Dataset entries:

/---

(* Under the setting below, for any sequences generated by Algorithm BC (with arbitrary index selection) the following hold: (i) for every $k$, $\Phi^{\mathrm{FB}}_\Gamma(\bm x^{k+1})\le\Phi^{\mathrm{FB}}_\Gamma(\bm x^k)-\sum_{i\in I^{k+1}}\frac{\xi_i}{2\gamma_i}\|z_i^k-x_i^k\|^2$, where $\xi_i:=\frac{N-\gamma_iL_{f_i}}{N}>0$; (ii) $(\Phi^{\mathrm{FB}}_\Gamma(\bm x^k))_k$ is monotonically nonincreasing and converges to a finite value $\Phi_\star\ge\min\Phi$; (iii) $\Phi^{\mathrm{FB}}_\Gamma$ is constant, equal to $\Phi_\star$, on the set of accumulation points of $(\bm x^k)$; (iv) $\sum_k\|\bm x^{k+1}-\bm x^k\|^2<\infty$; (v) if $\Phi$ is coercive, then $(\bm x^k)$ and $(\bm z^k)$ are bounded.
   Context: Setting: $N\ge1$, $n=\sum_{i=1}^N n_i$, $\bm x=(x_1,\dots,x_N)$ with $x_i\in\mathbb R^{n_i}$; $\Phi=F+G$ with $F(\bm x)=\frac1N\sum_i f_i(x_i)$, each $f_i:\mathbb R^{n_i}\to\mathbb R$ differentiable with $L_{f_i}$-Lipschitz gradient, $G:\mathbb R^n\to\mathbb R\cup\{+\infty\}$ proper lsc, $\arg\min\Phi\ne\emptyset$. $\gamma_i\in(0,N/L_{f_i})$, $\Gamma=\operatorname{blockdiag}(\gamma_1I_{n_1},\dots,\gamma_NI_{n_N})$, $\|x\|_V^2=\langle x,Vx\rangle$, $\operatorname{prox}_G^{V}(u)=\arg\min_w\{G(w)+\frac12\|w-u\|_V^2\}$, $\mathbf T(\bm x)=\operatorname{prox}_G^{\Gamma^{-1}}(\bm x-\Gamma\nabla F(\bm x))$. Forward-backward envelope: $\Phi^{\mathrm{FB}}_\Gamma(\bm x):=\inf_{\bm w}\{F(\bm x)+\langle\nabla F(\bm x),\bm w-\bm x\rangle+G(\bm w)+\frac12\|\bm w-\bm x\|^2_{\Gamma^{-1}}\}$. Algorithm BC: given $\bm x^0\in\mathbb R^n$, for $k=0,1,\dots$: pick $\bm z^k\in\mathbf T(\bm x^k)$; select a set of indices $I^{k+1}\subseteq[N]$; set $x_i^{k+1}=z_i^k$ for $i\in I^{k+1}$ and $x_i^{k+1}=x_i^k$ for $i\notin I^{k+1}$. *)

theory Defs
  imports "HOL-Analysis.Analysis"
begin

(* Block setting: coordinates indexed by a finite type 'n (so R^n = real^'n),
   blocks indexed by a finite type 'b (so N = CARD('b)), and blk j is the block
   containing coordinate j. Block i is R^{n_i} with n_i = card {j. blk j = i}. *)

definition lsc :: "('a::topological_space \<Rightarrow> ereal) \<Rightarrow> bool" where
  "lsc G \<longleftrightarrow> (\<forall>x. G x \<le> Liminf (at x) G)"

definition proper_fun :: "('a \<Rightarrow> ereal) \<Rightarrow> bool" where
  "proper_fun G \<longleftrightarrow> (\<forall>x. G x \<noteq> -\<infinity>) \<and> (\<exists>x. G x \<noteq> \<infinity>)"

definition blk_part :: "('n \<Rightarrow> 'b) \<Rightarrow> 'b \<Rightarrow> real^'n \<Rightarrow> real^'n" where
  "blk_part blk i x = (\<chi> j. if blk j = i then x $ j else 0)"

definition Fsum :: "('b::finite \<Rightarrow> real^'n \<Rightarrow> real) \<Rightarrow> real^'n \<Rightarrow> real" where
  "Fsum f x = (1 / real CARD('b)) * (\<Sum>i\<in>UNIV. f i x)"

definition gradF :: "('b::finite \<Rightarrow> real^'n \<Rightarrow> real^'n) \<Rightarrow> real^'n \<Rightarrow> real^'n" where
  "gradF gf x = (1 / real CARD('b)) *\<^sub>R (\<Sum>i\<in>UNIV. gf i x)"

definition Gam_mul :: "('n \<Rightarrow> 'b) \<Rightarrow> ('b \<Rightarrow> real) \<Rightarrow> real^'n \<Rightarrow> real^'n" where
  "Gam_mul blk gam v = (\<chi> j. gam (blk j) * v $ j)"

definition wnorm_sq :: "('n::finite \<Rightarrow> 'b) \<Rightarrow> ('b \<Rightarrow> real) \<Rightarrow> real^'n \<Rightarrow> real" where
  "wnorm_sq blk gam v = (\<Sum>j\<in>UNIV. (v $ j)^2 / gam (blk j))"

definition prox_set :: "('n::finite \<Rightarrow> 'b) \<Rightarrow> ('b \<Rightarrow> real) \<Rightarrow> (real^'n \<Rightarrow> ereal)
    \<Rightarrow> real^'n \<Rightarrow> (real^'n) set" where
  "prox_set blk gam G u = {w. \<forall>w'. G w + ereal (wnorm_sq blk gam (w - u) / 2)
                                 \<le> G w' + ereal (wnorm_sq blk gam (w' - u) / 2)}"

definition Tmap :: "('n::finite \<Rightarrow> 'b::finite) \<Rightarrow> ('b \<Rightarrow> real) \<Rightarrow> ('b \<Rightarrow> real^'n \<Rightarrow> real^'n)
    \<Rightarrow> (real^'n \<Rightarrow> ereal) \<Rightarrow> real^'n \<Rightarrow> (real^'n) set" where
  "Tmap blk gam gf G x = prox_set blk gam G (x - Gam_mul blk gam (gradF gf x))"

definition Phi :: "('b::finite \<Rightarrow> real^'n \<Rightarrow> real) \<Rightarrow> (real^'n \<Rightarrow> ereal) \<Rightarrow> real^'n \<Rightarrow> ereal" where
  "Phi f G x = ereal (Fsum f x) + G x"

definition FBE :: "('n::finite \<Rightarrow> 'b::finite) \<Rightarrow> ('b \<Rightarrow> real) \<Rightarrow> ('b \<Rightarrow> real^'n \<Rightarrow> real)
    \<Rightarrow> ('b \<Rightarrow> real^'n \<Rightarrow> real^'n) \<Rightarrow> (real^'n \<Rightarrow> ereal) \<Rightarrow> real^'n \<Rightarrow> ereal" where
  "FBE blk gam f gf G x = (INF w. ereal (Fsum f x + gradF gf x \<bullet> (w - x)) + G w
                                  + ereal (wnorm_sq blk gam (w - x) / 2))"

end

theory Submission
  imports Defs
begin

text \<open>
  The envelope at \<open>x\<close> is the infimum over \<open>w\<close> of \<open>G w\<close> plus the quadratic model
  \<open>\<ell>(x, w) = F x + \<langle>\<nabla>F x, w - x\<rangle> + \<parallel>w - x\<parallel>\<^sup>2/2\<close> (norm weighted by \<open>\<Gamma>\<^sup>-\<^sup>1\<close>), and
  the infimum is attained at every \<open>z \<in> T x\<close>. Since \<open>F\<close> is block separable, \<open>\<ell>(x, z)\<close> is a sum
  of block terms; replacing \<open>x\<^sub>i\<close> by \<open>z\<^sub>i\<close> turns the \<open>i\<close>-th term into \<open>f\<^sub>i(z\<^sub>i)/N\<close>, which the
  blockwise descent lemma bounds by the old term minus \<open>\<xi>\<^sub>i/(2\<gamma>\<^sub>i) \<parallel>z\<^sub>i - x\<^sub>i\<parallel>\<^sup>2\<close>. Evaluating
  the envelope at \<open>x\<^sup>k\<^sup>+\<^sup>1\<close> with the old point \<open>z\<^sup>k\<close> gives the sufficient decrease; the same
  descent lemma shows that the envelope dominates \<open>\<Phi>(z\<^sup>k) \<ge> min \<Phi>\<close>, which yields convergence,
  square summability of the steps and, under coercivity, boundedness. At an accumulation
  point the envelope is upper semicontinuous, being an infimum of continuous functions of
  \<open>x\<close>, and lower semicontinuity of \<open>G\<close> at a cluster point of the \<open>z\<^sup>k\<close> gives the reverse bound.
\<close>

lemma blk_part_nth: "blk_part blk i v $ j = (if blk j = i then v $ j else 0)"
  by (simp add: blk_part_def)

lemma blk_part_diff: "blk_part blk i (u - v) = blk_part blk i u - blk_part blk i v"
  by (simp add: blk_part_def vec_eq_iff)

lemma blk_part_scaleR: "blk_part blk i (t *\<^sub>R v) = t *\<^sub>R blk_part blk i v"
  by (simp add: blk_part_def vec_eq_iff)

lemma power2_norm_blk_part:
  "(norm (blk_part blk i (v::real^'n::finite)))\<^sup>2 = (\<Sum>j\<in>UNIV. if blk j = i then (v $ j)\<^sup>2 else 0)"
  unfolding power2_norm_eq_inner inner_vec_def
  by (rule sum.cong) (auto simp: blk_part_nth power2_eq_square)

lemma norm_blk_part_le: "norm (blk_part blk i (v::real^'n::finite)) \<le> norm v"
proof -
  have "(norm (blk_part blk i v))\<^sup>2 \<le> (norm v)\<^sup>2"
    unfolding power2_norm_eq_inner inner_vec_def by (rule sum_mono) (simp add: blk_part_nth)
  then show ?thesis by (simp add: power2_le_iff_abs_le)
qed

lemma wnorm_sq_eq_sum_blocks:
  fixes blk :: "'n::finite \<Rightarrow> 'b::finite"
  shows "wnorm_sq blk gam v = (\<Sum>i\<in>UNIV. (norm (blk_part blk i v))\<^sup>2 / gam i)"
proof -
  have "(\<Sum>i\<in>UNIV. (norm (blk_part blk i v))\<^sup>2 / gam i)
      = (\<Sum>i\<in>UNIV. \<Sum>j\<in>UNIV. if blk j = i then (v $ j)\<^sup>2 / gam i else 0)"
    unfolding power2_norm_blk_part sum_divide_distrib by (intro sum.cong) auto
  also have "\<dots> = (\<Sum>j\<in>UNIV. \<Sum>i\<in>UNIV. if blk j = i then (v $ j)\<^sup>2 / gam i else 0)"
    by (rule sum.swap)
  also have "\<dots> = wnorm_sq blk gam v"
    unfolding wnorm_sq_def by (simp add: eq_commute[of "blk _"])
  finally show ?thesis by simp
qed

lemma power2_norm_eq_sum_blocks:
  fixes blk :: "'n::finite \<Rightarrow> 'b::finite"
  shows "(norm (v::real^'n))\<^sup>2 = (\<Sum>i\<in>UNIV. (norm (blk_part blk i v))\<^sup>2)"
proof -
  have "(norm v)\<^sup>2 = wnorm_sq blk (\<lambda>_. 1) v"
    unfolding power2_norm_eq_inner inner_vec_def wnorm_sq_def by (simp add: power2_eq_square)
  then show ?thesis by (simp add: wnorm_sq_eq_sum_blocks)
qed

lemma wnorm_sq_add_Gam_mul:
  assumes "\<And>i. gam i \<noteq> 0"
  shows "wnorm_sq blk gam (v + Gam_mul blk gam g)
    = wnorm_sq blk gam v + 2 * (g \<bullet> v) + (\<Sum>j\<in>UNIV. gam (blk j) * (g $ j)\<^sup>2)"
proof -
  have "wnorm_sq blk gam (v + Gam_mul blk gam g)
     = (\<Sum>j\<in>UNIV. (v $ j)\<^sup>2 / gam (blk j) + 2 * (g $ j * v $ j) + gam (blk j) * (g $ j)\<^sup>2)"
    unfolding wnorm_sq_def Gam_mul_def
    using assms by (intro sum.cong) (simp_all add: field_simps power2_eq_square)
  then show ?thesis
    unfolding sum.distrib wnorm_sq_def inner_vec_def by (simp add: sum_distrib_left)
qed

lemma lsc_le_lim:
  fixes G :: "'a::metric_space \<Rightarrow> ereal"
  assumes "lsc G" and "y \<longlonglongrightarrow> q" and "(\<lambda>k. G (y k)) \<longlonglongrightarrow> l"
  shows "G q \<le> l"
proof (rule dense_le)
  fix c assume c: "c < G q"
  with assms(1) have "eventually (\<lambda>u. c < G u) (at q)"
    unfolding lsc_def using le_Liminf_iff by blast
  with c have "eventually (\<lambda>u. c < G u) (nhds q)"
    by (simp add: eventually_nhds_conv_at)
  from eventually_compose_filterlim[OF this assms(2)]
  have "eventually (\<lambda>k. c \<le> G (y k)) sequentially"
    by (auto elim: eventually_mono)
  then show "c \<le> l"
    using assms(3) by (intro tendsto_lowerbound) auto
qed

locale block_smooth =
  fixes blk :: "'n::finite \<Rightarrow> 'b::finite"
    and f :: "'b \<Rightarrow> real^'n \<Rightarrow> real"
    and gf :: "'b \<Rightarrow> real^'n \<Rightarrow> real^'n"
    and L :: "'b \<Rightarrow> real"
  assumes f_block: "\<And>i u v. blk_part blk i u = blk_part blk i v \<Longrightarrow> f i u = f i v"
    and f_grad: "\<And>i u. (f i has_derivative (\<lambda>h. gf i u \<bullet> h)) (at u)"
    and L_nonneg: "\<And>i. L i \<ge> 0"
    and f_lip: "\<And>i u v. norm (gf i u - gf i v) \<le> L i * norm (blk_part blk i (u - v))"
begin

\---

• **YOUR OBJECTIVE**
Write out exactly, and only, each line from the one with "v. norm (gf" down to the last line of the records above.

• **REPLY TO THE EXERCISE**
    and f_lip: "\<And>i u v. norm (gf i u - gf i v) \<le> L i * norm (blk_part blk i (u - v))"
begin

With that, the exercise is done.